“I will postpone that part of it, if you please”—and Dale became rather stiff again—“but with the intention of adverting to it later. What I wish first to lay at rest is something in regard to the hymns employed on the occasion of my attendance. The numbers were one hundred and twenty-six, six hundred and fifty-nine, and one hundred and ten. Now I ask you as man to man, feeling sure you’ll give me a straight answer: Were those hymns specially selected for the reason that I had chanced to drop in?”
Mr. Osborn stopped work, looked round quickly, and his face was all bright and eager.
“No. But did you feel there was a special message to you in them?”
“I wouldn’t put it quite like that,” said Dale guardedly.
“Because it so often happens. It has happened again and again—to my own knowledge.”
“You’ll understand, Mr. Osborn, that I didn’t take them as any way personal to myself—certainly not any way offensive; but it occurred to me that it might perhaps be the habit whenever a stranger dropped in to pick out hymns of strength, with a view to shaking him and warming him up, as it were.”
The pastor resumed his work. “Those hymns were given out the day before—Saturday. Sister Eldridge had asked for one hundred and twenty-six; number six hundred and fifty-nine was, as far as I remember, also bespoken; and I chose number one hundred and ten myself—because it is a great favorite of mine. So you see, Mr. Dale, at the time we settled on those hymns, we did not know that you were coming—and perhaps you did not know it yourself.”

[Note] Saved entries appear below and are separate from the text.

(* Let $G(\pi_i,\pi_i')=\frac12\|\pi_i-\pi_i'\|^2$ and $\mu>0$. Let $K\ge1$, $c>1$, and $$T_\sigma\ge\max\Big(\frac{3}{\ln c}\ln K+\frac{\ln 64}{\ln c},\,1\Big).$$ Let $\sigma^0,\sigma^1,\dots,\sigma^K\in\mathcal X$ satisfy $$\|\pi^{\mu,\sigma^k}-\sigma^{k+1}\|\le\|\pi^{\mu,\sigma^k}-\sigma^k\|\,c^{-T_\sigma}\quad\text{for } k=0,\dots,K-1.$$ Assume $\sqrt{\sum_{i=1}^N\|\nabla_{\pi_i}v_i(\pi)\|^2}\le\zeta$ for all $\pi\in\mathcal X$. Then for any Nash equilibrium $\pi^*\in\Pi^*$, $$\mathrm{exploit}(\sigma^K)\le\frac{2\sqrt2\big((\mu+L)\,\mathrm{diam}(\mathcal X)+\zeta\big)}{\sqrt K}\sqrt{\|\pi^*-\sigma^0\|\Big(8\|\pi^*-\sigma^0\|+\frac\zeta\mu\Big)}.$$
   Context: Game. Let $N\ge1$. For each $i\in[N]$, $\mathcal X_i\subseteq\mathbb R^{d_i}$ is a nonempty compact convex set, and $\mathcal X=\prod_i\mathcal X_i$. Each $v_i:\mathcal X\to\mathbb R$ is differentiable, with block gradient $\nabla_{\pi_i}v_i$. The norm is Euclidean, with $\|\pi\|^2=\sum_i\|\pi_i\|^2$. The game is monotone: $\sum_i\langle\nabla_{\pi_i}v_i(\pi)-\nabla_{\pi_i}v_i(\pi'),\pi_i-\pi_i'\rangle\le0$ for all $\pi,\pi'$. The game is $L$-smooth: $\sum_i\|\nabla_{\pi_i}v_i(\pi)-\nabla_{\pi_i}v_i(\pi')\|^2\le L^2\|\pi-\pi'\|^2$. A Nash equilibrium is a $\pi^*\in\mathcal X$ with $v_i(\pi^* )\ge v_i(\pi_i,\pi^*_{-i})$ for all $i$ and $\pi_i\in\mathcal X_i$. $\Pi^*$ is the set of Nash equilibria. Exploitability and diameter: $\mathrm{exploit}(\pi)=\sum_i(\max_{\tilde\pi_i\in\mathcal X_i}v_i(\tilde\pi_i,\pi_{-i})-v_i(\pi))$ and $\mathrm{diam}(\mathcal X)=\sup_{\pi,\pi'\in\mathcal X}\|\pi-\pi'\|$. Perturbed equilibrium. For $\mu>0$ and $\sigma\in\mathcal X$, $\pi^{\mu,\sigma}$ is the (unique) profile with $\pi_i^{\mu,\sigma}\in\arg\max_{\pi_i\in\mathcal X_i}\{v_i(\pi_i,\pi^{\mu,\sigma}_{-i})-\mu G(\pi_i,\sigma_i)\}$ for all $i$. *)

theory Defs
  imports "HOL-Analysis.Analysis"
begin

text \<open>Players are indexed by {..<N}; all strategy spaces are subsets of a common
  Euclidean space 'e. A profile is an extensional function nat => 'e.\<close>

definition profiles :: "nat \<Rightarrow> (nat \<Rightarrow> 'e set) \<Rightarrow> (nat \<Rightarrow> 'e) set" where
  "profiles N X = PiE {..<N} X"

definition pnorm :: "nat \<Rightarrow> (nat \<Rightarrow> 'e::real_normed_vector) \<Rightarrow> real" where
  "pnorm N p = sqrt (\<Sum>i<N. (norm (p i))\<^sup>2)"

definition pdist :: "nat \<Rightarrow> (nat \<Rightarrow> 'e::real_normed_vector) \<Rightarrow> (nat \<Rightarrow> 'e) \<Rightarrow> real" where
  "pdist N p q = pnorm N (\<lambda>i. p i - q i)"

definition diam_prof :: "nat \<Rightarrow> (nat \<Rightarrow> 'e::real_normed_vector set) \<Rightarrow> real" where
  "diam_prof N X = (SUP pq \<in> profiles N X \<times> profiles N X. pdist N (fst pq) (snd pq))"

definition Greg :: "'e::real_normed_vector \<Rightarrow> 'e \<Rightarrow> real" where
  "Greg x y = (norm (x - y))\<^sup>2 / 2"

definition nash_eq :: "nat \<Rightarrow> (nat \<Rightarrow> 'e set) \<Rightarrow> (nat \<Rightarrow> (nat \<Rightarrow> 'e) \<Rightarrow> real)
    \<Rightarrow> (nat \<Rightarrow> 'e) \<Rightarrow> bool" where
  "nash_eq N X v p \<longleftrightarrow> p \<in> profiles N X \<and>
     (\<forall>i<N. \<forall>x\<in>X i. v i (p(i := x)) \<le> v i p)"

definition perturbed_eq :: "nat \<Rightarrow> (nat \<Rightarrow> 'e::real_normed_vector set)
    \<Rightarrow> (nat \<Rightarrow> (nat \<Rightarrow> 'e) \<Rightarrow> real) \<Rightarrow> real \<Rightarrow> (nat \<Rightarrow> 'e) \<Rightarrow> (nat \<Rightarrow> 'e) \<Rightarrow> bool" where
  "perturbed_eq N X v \<mu> \<sigma> p \<longleftrightarrow> p \<in> profiles N X \<and>
     (\<forall>i<N. \<forall>x\<in>X i. v i (p(i := x)) - \<mu> * Greg x (\<sigma> i) \<le> v i p - \<mu> * Greg (p i) (\<sigma> i))"

definition exploit :: "nat \<Rightarrow> (nat \<Rightarrow> 'e set) \<Rightarrow> (nat \<Rightarrow> (nat \<Rightarrow> 'e) \<Rightarrow> real)
    \<Rightarrow> (nat \<Rightarrow> 'e) \<Rightarrow> real" where
  "exploit N X v p = (\<Sum>i<N. (SUP x \<in> X i. v i (p(i := x))) - v i p)"

end

theory Submission
  imports Defs
begin

text \<open>Let p_k be the perturbed equilibrium anchored at \<sigma>_k, r_k = |p_k - \<sigma>_k| and
  \<epsilon> = c^(-T).  Adding the first-order conditions of two perturbed equilibria and using
  monotonicity gives r_k^2 + |\<pi>* - p_k|^2 \<le> |\<pi>* - \<sigma>_k|^2 and r_(k+1) \<le> (1 + 2\<epsilon>) r_k.
  As \<sigma>_(k+1) lies within \<epsilon> r_k of p_k, the squared distances to \<pi>* telescope up to the
  factor (1 + 2\<epsilon>)^K \<le> 2, so the r_k^2 sum to at most 2 |\<pi>* - \<sigma>_0|^2, while the growth
  bound gives r_(K-1) \<le> 2 r_k for all k; hence K r_(K-1)^2 \<le> 8 |\<pi>* - \<sigma>_0|^2.  Finally, monotonicity makes every payoff concave
  in the player's own strategy, so the exploitability of \<sigma>_K is at most a linear gap
  \<langle>\<nabla>v(\<sigma>_K), q - \<sigma>_K\<rangle>, which the first-order condition at p_(K-1) and smoothness bound by
  ((\<mu> + L) diam + \<zeta>) r_(K-1).\<close>

section \<open>Geometry of strategy profiles\<close>

definition pinner :: "nat \<Rightarrow> (nat \<Rightarrow> 'e::real_inner) \<Rightarrow> (nat \<Rightarrow> 'e) \<Rightarrow> real" where
  "pinner N p q = (\<Sum>i<N. p i \<bullet> q i)"

lemma pinner_commute: "pinner N p q = pinner N q p"
  by (simp add: pinner_def inner_commute)

lemma pinner_diff_left: "pinner N (p - q) r = pinner N p r - pinner N q r"
  by (simp add: pinner_def inner_diff_left sum_subtractf)

lemma pinner_diff_right: "pinner N r (p - q) = pinner N r p - pinner N r q"
  by (simp add: pinner_def inner_diff_right sum_subtractf)

lemma pnorm_eq_L2_set: "pnorm N p = L2_set (\<lambda>i. norm (p i)) {..<N}"
  by (simp add: pnorm_def L2_set_def)

lemma pdist_eq_pnorm_diff: "pdist N p q = pnorm N (p - q)"
  by (simp add: pdist_def fun_diff_def)

lemma pnorm_nonneg: "0 \<le> pnorm N p"
  by (simp add: pnorm_def sum_nonneg)

lemma pdist_nonneg: "0 \<le> pdist N p q"
  by (simp add: pdist_def pnorm_nonneg)

lemma pdist_commute: "pdist N p q = pdist N q p"
  by (simp add: pdist_def pnorm_def norm_minus_commute)

lemma power2_pnorm: "(pnorm N p)\<^sup>2 = pinner N p p"
  by (simp add: pnorm_def pinner_def sum_nonneg power2_norm_eq_inner)

lemma power2_pdist: "(pdist N p q)\<^sup>2 = pinner N (p - q) (p - q)"
  by (simp add: pdist_eq_pnorm_diff power2_pnorm)

lemma pinner_le_pnorm_mult: "pinner N p q \<le> pnorm N p * pnorm N q"
proof -
  have "pinner N p q \<le> (\<Sum>i<N. \<bar>norm (p i)\<bar> * \<bar>norm (q i)\<bar>)"
    unfolding pinner_def by (intro sum_mono) (simp add: norm_cauchy_schwarz)
  also have "\<dots> \<le> pnorm N p * pnorm N q"
    unfolding pnorm_eq_L2_set by (rule L2_set_mult_ineq)
  finally show ?thesis .
qed

lemma pinner_le_pdist_mult: "pinner N (a - b) (c - d) \<le> pdist N a b * pdist N c d"
  unfolding pdist_eq_pnorm_diff by (rule pinner_le_pnorm_mult)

“I did not know it,” said Dale.
“Tell me,” said Mr. Osborn, “how doubt has assailed you.”
“Ah, there you put me a puzzling one;” and Dale puffed at his pipe laboriously.

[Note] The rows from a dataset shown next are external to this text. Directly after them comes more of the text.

lemma emeasure_edge_law_energy_deviation:
  fixes K :: nat
  assumes n: "2 \<le> n" and K: "1 \<le> K" and "0 < \<tau>"
    and small: "trace_approx_const f / real n + energy_lipschitz_const f * (2 * \<tau> + 1 / real n + 2 * L / real K) + \<tau>' < t"
    and u: "\<forall>l<n. u l \<in> {0..1}" "u \<in> space (latent_law n)"
  shows "emeasure (edge_law W n u) {G \<in> space (graph_space n). t \<le> \<bar>mtrace n (energy_mat n f G) / real n - limit_const f\<bar>}
    \<le> ennreal (real n * (2 * exp (- 2 * real n * \<tau>\<^sup>2))) + indicator (latent_bad f n K \<tau> \<tau>') u"
proof -
  interpret edge: prob_space "edge_law W n u" by (rule prob_space_edge_law)
  let ?A = "{G \<in> space (graph_space n). t \<le> \<bar>mtrace n (energy_mat n f G) / real n - limit_const f\<bar>}"
  let ?Dev = "{G \<in> space (edge_law W n u). \<exists>i<n. real n * \<tau> \<le> \<bar>vertex_degree n G i - (\<Sum>l\<in>{..<n} - {i}. W (u i) (u l))\<bar>}"
  show ?thesis
  proof (cases "u \<in> latent_bad f n K \<tau> \<tau>'")
    case True
    then show ?thesis
      using edge.emeasure_le_1 by (simp add: add_increasing)
  next
    case False
    have "?A \<subseteq> ?Dev"
    proof
      fix G assume G: "G \<in> ?A"
      show "G \<in> ?Dev"
      proof (rule ccontr)
        assume "G \<notin> ?Dev"
        then have "\<bar>mtrace n (energy_mat n f G) / real n - limit_const f\<bar>
            < trace_approx_const f / real n + energy_lipschitz_const f * (2 * \<tau> + 1 / real n + 2 * L / real K) + \<tau>'"
          using False G n u
          by (intro energy_trace_approx[OF _ K, where u = u])
             (auto simp: latent_bad_def not_le sets_eq_imp_space_eq[OF sets_edge_law])
        then show False using G small by auto
      qed
    qed
    then have "emeasure (edge_law W n u) ?A \<le> emeasure (edge_law W n u) ?Dev"
      using u n \<open>0 < \<tau>\<close> by (intro emeasure_mono measure_edge_law_degree_deviation(1)) auto
    also have "\<dots> \<le> ennreal (real n * (2 * exp (- 2 * real n * \<tau>\<^sup>2)))"
      unfolding edge.emeasure_eq_measure
      using measure_edge_law_degree_deviation(2)[OF n _ \<open>0 < \<tau>\<close>, of u] u by (simp add: ennreal_leI)
    finally show ?thesis by (simp add: add_increasing2)
  qed
qed

lemma measure_graphon_energy_deviation:
  fixes K :: nat
  assumes n: "2 \<le> n" and K: "1 \<le> K" and "0 < \<tau>" "0 < \<tau>'"
    and small: "trace_approx_const f / real n + energy_lipschitz_const f * (2 * \<tau> + 1 / real n + 2 * L / real K) + \<tau>' < t"
  shows "measure (graphon_law W n) {G \<in> space (graph_space n). t \<le> \<bar>mtrace n (energy_mat n f G) / real n - limit_const f\<bar>}
    \<le> (2 * real n + 2 * real (Suc K)) * exp (- (2 * \<tau>\<^sup>2) * real n)
       + 2 * exp (- (\<tau>'\<^sup>2 / (2 * (energy_sup f)\<^sup>2)) * real n)"
proof -
  interpret latent: prob_space "latent_law n" by (rule prob_space_latent_law)
  define A where "A = {G \<in> space (graph_space n). t \<le> \<bar>mtrace n (energy_mat n f G) / real n - limit_const f\<bar>}"
  define Bad where "Bad = latent_bad f n K \<tau> \<tau>'"
  define E where "E = real n * (2 * exp (- 2 * real n * \<tau>\<^sup>2))"
  have A: "A \<in> sets (graph_space n)"
    unfolding A_def using borel_measurable_mtrace_energy_mat by measurable
  have Bad: "Bad \<in> sets (latent_law n)" "measure (latent_law n) Bad
      \<le> 2 * exp (- (\<tau>'\<^sup>2 / (2 * (energy_sup f)\<^sup>2)) * real n) + real (Suc K) * (2 * exp (- 2 * real n * \<tau>\<^sup>2))"
    unfolding Bad_def using n \<open>0 < \<tau>\<close> \<open>0 < \<tau>'\<close> by (intro measure_latent_bad; simp)+
  have "emeasure (graphon_law W n) A \<le> (\<integral>\<^sup>+u. emeasure (edge_law W n u) A \<partial>latent_law n)"
    by (rule emeasure_graphon_law_le[OF A])
  also have "\<dots> \<le> (\<integral>\<^sup>+u. ennreal E + indicator Bad u \<partial>latent_law n)"
    using AE_space AE_latent_law[of n] unfolding A_def E_def Bad_def
    by (intro nn_integral_mono_AE)
       (elim AE_mp, intro AE_I2 impI emeasure_edge_law_energy_deviation[OF n K \<open>0 < \<tau>\<close> small])
  also have "\<dots> = ennreal (E + measure (latent_law n) Bad)"
    using Bad(1) by (simp add: nn_integral_add latent.emeasure_eq_measure latent.prob_space ennreal_plus E_def)
  also have "\<dots> \<le> ennreal ((2 * real n + 2 * real (Suc K)) * exp (- (2 * \<tau>\<^sup>2) * real n)
       + 2 * exp (- (\<tau>'\<^sup>2 / (2 * (energy_sup f)\<^sup>2)) * real n))"
    using Bad(2) by (intro ennreal_leI) (simp add: E_def algebra_simps)
  finally show ?thesis
    unfolding A_def measure_def by (intro enn2real_leI) auto
qed

lemma measure_sample_deviation:
  assumes "1 \<le> n" "0 < d" "0 < t" and P: "prob_space (sample_law W n d)"
  shows "measure (sample_law W n d) {x \<in> space (sample_law W n d). 2 * t \<le> \<bar>h_stat n d f (fst x) (snd x) - limit_const f\<bar>}
    \<le> 2 * (energy_mat_bound f)\<^sup>2 / (t\<^sup>2 * real d * real n)
      + measure (graphon_law W n) {G \<in> space (graph_space n). t \<le> \<bar>mtrace n (energy_mat n f G) / real n - limit_const f\<bar>}"
proof -
  interpret sample: prob_space "sample_law W n d" by (rule P)
  define E where "E = {x \<in> space (sample_law W n d). t \<le> \<bar>h_stat n d f (fst x) (snd x) - mtrace n (energy_mat n f (fst x)) / real n\<bar>}"
  define A where "A = {G \<in> space (graph_space n). t \<le> \<bar>mtrace n (energy_mat n f G) / real n - limit_const f\<bar>}"
  have "(\<lambda>x. mtrace n (energy_mat n f (fst x)) / real n) \<in> borel_measurable (sample_law W n d)"
    using borel_measurable_mtrace_energy_mat by (simp add: measurable_cong_sets[OF sets_sample_law refl])
  then have E: "E \<in> sets (sample_law W n d)"
    using borel_measurable_h_stat_sample_law unfolding E_def by measurable
  have A: "A \<in> sets (graph_space n)"
    unfolding A_def using borel_measurable_mtrace_energy_mat by measurable
  then have AZ: "A \<times> space (gauss_law n d) \<in> sets (sample_law W n d)"
    by (simp add: sets_sample_law)
  have "{x \<in> space (sample_law W n d). 2 * t \<le> \<bar>h_stat n d f (fst x) (snd x) - limit_const f\<bar>}
      \<subseteq> E \<union> A \<times> space (gauss_law n d)"
    by (auto simp: E_def A_def space_sample_law)
  then have "measure (sample_law W n d) {x \<in> space (sample_law W n d). 2 * t \<le> \<bar>h_stat n d f (fst x) (snd x) - limit_const f\<bar>}
      \<le> measure (sample_law W n d) E + measure (sample_law W n d) (A \<times> space (gauss_law n d))"
    using E AZ by (intro order.trans[OF sample.finite_measure_mono measure_Un_le]) auto
  then show ?thesis
    using measure_sample_law_gauss_deviation[of n d t W f, OF _ assms(2-4)] assms(1)
      measure_sample_law_Times[OF A, of W d]
    unfolding E_def A_def by simp
qed

lemma graphon_deviation_parameters:
  assumes "0 < t"
  obtains \<tau> \<tau>' :: real and K :: nat where "0 < \<tau>" "0 < \<tau>'" "1 \<le> K"
    and "eventually (\<lambda>n. trace_approx_const f / real n
           + energy_lipschitz_const f * (2 * \<tau> + 1 / real n + 2 * L / real K) + \<tau>' < t) sequentially"
proof -
  define Lc where "Lc = energy_lipschitz_const f"
  define \<tau> where "\<tau> = t / (16 * (Lc + 1))"
  define K where "K = nat \<lceil>16 * L * (Lc + 1) / t\<rceil> + 1"
  have Lc: "0 \<le> Lc"
    unfolding Lc_def by (rule energy_lipschitz_const_nonneg)
  have K: "1 \<le> K" "16 * L * (Lc + 1) / t \<le> real K"
    unfolding K_def by linarith+
  have "Lc * (2 * \<tau>) \<le> t / 8"
    using assms Lc by (simp add: \<tau>_def field_simps)
  moreover have "Lc * (2 * L / real K) \<le> t / 8"
    using K assms Lc lipschitz_const_nonneg by (simp add: field_simps)
  moreover have "Lc * (2 * \<tau> + 0 + 2 * L / real K) = Lc * (2 * \<tau>) + Lc * (2 * L / real K)"
    by (simp add: algebra_simps)
  ultimately have "Lc * (2 * \<tau> + 0 + 2 * L / real K) + t / 4 < t"
    using assms by linarith
  moreover have "(\<lambda>n. trace_approx_const f / real n + Lc * (2 * \<tau> + 1 / real n + 2 * L / real K) + t / 4)
      \<longlonglongrightarrow> 0 + Lc * (2 * \<tau> + 0 + 2 * L / real K) + t / 4"
    by (intro tendsto_intros)
  ultimately have "eventually (\<lambda>n. trace_approx_const f / real n
      + Lc * (2 * \<tau> + 1 / real n + 2 * L / real K) + t / 4 < t) sequentially"
    by (intro order_tendstoD(2)) auto
  moreover have "0 < \<tau>" "0 < t / 4"
    using assms Lc by (simp_all add: \<tau>_def)
  ultimately show ?thesis
    using K(1) that unfolding Lc_def by blast
qed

“You oughtn’t to doubt, you know. You have what men prize—wife, children, and home. You thrive, and the world smiles on you.”

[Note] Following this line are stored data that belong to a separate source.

text \<open>The orbit of an element of \<open>A\<close> stays in \<open>A\<close> until it hits \<open>X\<close>, so \<open>f\<close> and its
  restriction to \<open>A\<close> agree along it.\<close>

lemma final_image_restrict:
  assumes f: "reluctant S X f" and "S \<inter> X = {}" "B \<subseteq> X"
    and A: "A = {s \<in> S. final_image f X s \<in> B}" and "s \<in> A"
  shows "final_image (restrict f A) B s = final_image f X s"
proof -
  obtain K where K: "1 \<le> K" "(f^^K) s \<in> X" "\<forall>k. 1 \<le> k \<and> k < K \<longrightarrow> (f^^k) s \<notin> X"
    "\<forall>k<K. (f^^k) s \<in> S" "final_image f X s = (f^^K) s"
    using reluctant_hitting_time[OF f] \<open>s \<in> A\<close> A by blast
  have orbit: "\<forall>k<K. (f^^k) s \<in> A"
    using K final_image_funpow[OF K(2,3)] \<open>s \<in> A\<close> A by auto
  have "final_image (restrict f A) B s = (restrict f A ^^ K) s"
    using K funpow_restrict[OF orbit] \<open>s \<in> A\<close> A assms(2,3)
    by (intro final_image_eqI) auto
  then show ?thesis
    using K(5) funpow_restrict[OF orbit] by simp
qed

lemma binomial_class_reluctant:
  "binomial_class F \<Longrightarrow> finite S \<Longrightarrow> finite X \<Longrightarrow> S \<inter> X = {} \<Longrightarrow> f \<in> F S X
    \<Longrightarrow> reluctant S X f"
  unfolding binomial_class_def by simp

lemma binomial_class_finite:
  assumes "binomial_class F" "finite S" "finite X" "S \<inter> X = {}"
  shows "finite (F S X)"
proof (rule finite_subset)
  show "F S X \<subseteq> S \<rightarrow>\<^sub>E S \<union> X"
    using binomial_class_reluctant[OF assms] by (auto simp: reluctant_def)
qed (use assms in \<open>simp add: finite_PiE\<close>)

“Yes, I’m more than solvent. I hope to leave Mrs. Dale and the babes secure.”
“But you don’t feel secure yourself?”
“I banked a matter of seven hundred last year.”
“You know I didn’t mean that.” Mr. Osborn worked briskly, and sent the shavings almost to the ceiling. “But still—lots of men have told me that material prosperity renders faith easy and doubt difficult. That’s the awful danger of trouble—the danger of thinking that God has deserted us. It’s easiest to recognize His hand when all’s going well with us. That’s our poor human nature. And then when our sorrows come, it’s the devil’s innings, and he’ll whisper: ’Where’s God now? He isn’t treating you very kindly, is He, in return for all your praying and kneeling and believing?’”
“Yes, that just hits the nail on the head. It was what I said—at a period when trouble fell upon me. It was how the doubt came in and the belief went out. And nowadays, when, as you mention, things run smooth and I know I’ve much to be thankful for, the doubt holds firm. For one thing prob’bly, I read a great deal; I’ve crammed my head with science; can’t ever have enough of it. But, of course, I’m but an ignorant man compared with you.”